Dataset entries
(* For $n\ge1$ and $r\ge0$, the number of simple two-dimensional lattice paths of length $n$ with compactification degree $r$ is \[ 4^{r+1}\sum_{\lambda\ge0}\lambda(-1)^{\lambda-1}\bigg[\binom{2n-1}{n-\lambda2^r}-\binom{2n-1}{n-\lambda2^r-1}\bigg], \] where binomial coefficients with negative lower index are $0$.
   Context: A simple two-dimensional lattice path is a finite nonempty word over the steps $\{\uparrow,\rightarrow,\downarrow,\leftarrow\}$; its length is the number of steps. The reduction $\Phi_L(\ell)$ of a path $\ell$ of length $\ge2$ is defined as follows. First, if the first step of $\ell$ is vertical, the entire path is rotated by $90^\circ$ clockwise; then, if the last step of the resulting path is horizontal, this last step alone is rotated by $90^\circ$ clockwise. The resulting path starts with a horizontal and ends with a vertical step, so it decomposes uniquely as $H_1V_1H_2V_2\cdots H_kV_k$ ($k\ge1$), where each $H_i$ is a nonempty maximal run of horizontal steps and each $V_i$ a nonempty maximal run of vertical steps. Each block $H_iV_i$ is replaced by one diagonal step: $\nearrow$ if $H_i$ starts with $\rightarrow$ and $V_i$ starts with $\uparrow$; $\searrow$ if $H_i$ starts with $\rightarrow$ and $V_i$ with $\downarrow$; $\swarrow$ if $H_i$ starts with $\leftarrow$ and $V_i$ with $\downarrow$; $\nwarrow$ if $H_i$ starts with $\leftarrow$ and $V_i$ with $\uparrow$. Finally this diagonal path is rotated by $45^\circ$ clockwise, giving a simple lattice path $\Phi_L(\ell)$ of length $k$. The compactification degree $\mathrm{cdeg}(\ell)$ of a path $\ell$ of length $\ge1$ is the number $m\ge0$ such that $\Phi_L^m(\ell)$ consists of a single step. *)

theory Defs
  imports Main
begin

datatype step = U | R | D | L

type_synonym path = "step list"

fun horiz :: "step \<Rightarrow> bool" where
  "horiz R = True" | "horiz L = True" | "horiz U = False" | "horiz D = False"

abbreviation vert :: "step \<Rightarrow> bool" where
  "vert s \<equiv> \<not> horiz s"

fun rot :: "step \<Rightarrow> step" where
  "rot U = R" | "rot R = D" | "rot D = L" | "rot L = U"

text \<open>Block H V (H starting with h, V starting with v) gives a diagonal step,
  which after rotation by 45 degrees clockwise becomes: NE -> R, SE -> D, SW -> L, NW -> U.\<close>
fun diag :: "step \<Rightarrow> step \<Rightarrow> step" where
  "diag R U = R" | "diag R D = D" | "diag L D = L" | "diag L U = U"
| "diag _ _ = U"

text \<open>Decompose a path H_1 V_1 ... H_k V_k into maximal runs and replace each block.\<close>
function blocks :: "path \<Rightarrow> path" where
  "blocks [] = []"
| "blocks (h # xs) =
     (case dropWhile horiz (h # xs) of
        [] \<Rightarrow> []
      | v # ys \<Rightarrow> diag h v # blocks (dropWhile vert ys))"
  by pat_completeness auto
termination
proof (relation "measure length")
  fix h xs v ys
  assume "dropWhile horiz (h # xs) = v # ys"
  then have "length (v # ys) \<le> length (h # xs)"
    by (metis length_dropWhile_le)
  moreover have "length (dropWhile vert ys) \<le> length ys" by (rule length_dropWhile_le)
  ultimately show "(dropWhile vert ys, h # xs) \<in> measure length" by simp
qed auto

text \<open>The reduction Phi_L (meaningful for paths of length at least 2).\<close>
definition PhiL :: "path \<Rightarrow> path" where
  "PhiL l = (let l1 = (if vert (hd l) then map rot l else l);
                 l2 = (if horiz (last l1) then butlast l1 @ [rot (last l1)] else l1)
             in blocks l2)"

definition cdeg :: "path \<Rightarrow> nat" where
  "cdeg l = (LEAST m. length ((PhiL ^^ m) l) = 1)"

definition binom :: "nat \<Rightarrow> int \<Rightarrow> int" where
  "binom a k = (if k < 0 then 0 else int (a choose nat k))"

end

theory Submission
  imports Defs "HOL-Computational_Algebra.Formal_Power_Series"
begin

text \<open>
  Let \<open>Cat\<close> be the power series with \<open>Cat = x (1 + Cat)\<^sup>2\<close> (the Catalan series minus 1). The
  bracket in the formula is the ballot number \<open>T(n, M) = [x\<^sup>n] Cat\<^sup>M\<close>.

  After the rotations, a path of length \<open>m + 1\<close> is a horizontal first step, a word of length
  \<open>m - 1\<close> and a vertical last step, each end carrying a two-fold choice; collapsing runs then
  shows that every path of length \<open>k + 1\<close> has exactly \<open>4 K(m, k)\<close> preimages of length \<open>m + 1\<close>
  under \<open>\<Phi>\<^sub>L\<close>, where \<open>\<Sum>\<^sub>m K(m, k) x\<^sup>m\<^sup>+\<^sup>1 = \<sigma>\<^sup>k\<^sup>+\<^sup>1\<close> with \<open>\<sigma> = (x / (1 - 2x))\<^sup>2\<close>.
  Hence the counts satisfy \<open>A(m + 1, r + 1) = 4 \<Sum>\<^sub>k K(m, k) A(k + 1, r)\<close>.

  On the other side, \<open>Cat \<circ> \<sigma> = Cat\<^sup>2\<close>, so \<open>T(m + 1, 2M) = \<Sum>\<^sub>j K(m, j) T(j + 1, M)\<close>, and
  the right-hand side of the theorem obeys the same recursion in \<open>r\<close>. For \<open>r = 0\<close> it is
  \<open>[x\<^sup>n] Cat_inv \<circ> Cat = [x\<^sup>n] x\<close>, where \<open>Cat_inv = x / (1 + x)\<^sup>2 = \<Sum> i (-1)\<^sup>i\<^sup>+\<^sup>1 x\<^sup>i\<close> is the
  compositional inverse of \<open>Cat\<close>; this matches the four paths of length 1.
\<close>

unbundle fps_syntax

section \<open>Ballot numbers\<close>

definition ballot :: "nat \<Rightarrow> nat \<Rightarrow> int" where
  "ballot n M = binom (2*n - 1) (int n - int M) - binom (2*n - 1) (int n - int M - 1)"

lemma binom_Suc: "binom (Suc a) k = binom a (k - 1) + binom a k"
proof (cases "k \<le> 0")
  case True
  then show ?thesis by (auto simp: binom_def)
next
  case False
  then obtain j where "nat k = Suc j" "k - 1 = int j"
    by (intro that[of "nat (k - 1)"]) auto
  with False show ?thesis by (simp add: binom_def)
qed

lemma ballot_Suc:
  assumes "n \<ge> 1" "M \<ge> 1"
  shows "ballot (Suc n) M = ballot n (M - 1) + 2 * ballot n M + ballot n (M + 1)"
proof -
  define a where "a = 2*n - 1"
  have a: "2*n - 1 = a" "2 * Suc n - 1 = Suc (Suc a)"
    using assms by (simp_all add: a_def)
  have "binom (Suc (Suc a)) k = binom a (k - 2) + 2 * binom a (k - 1) + binom a k" for k
    by (simp add: binom_Suc algebra_simps)
  moreover have "int (M - 1) = int M - 1" using assms by simp
  ultimately show ?thesis
    unfolding ballot_def a by (simp add: algebra_simps)
qed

**Task instructions**
Filter the records down to the lines containing the word "else", and copy those.

**Result for this task**
  "PhiL l = (let l1 = (if vert (hd l) then map rot l else l);
                 l2 = (if horiz (last l1) then butlast l1 @ [rot (last l1)] else l1)
  "binom a k = (if k < 0 then 0 else int (a choose nat k))"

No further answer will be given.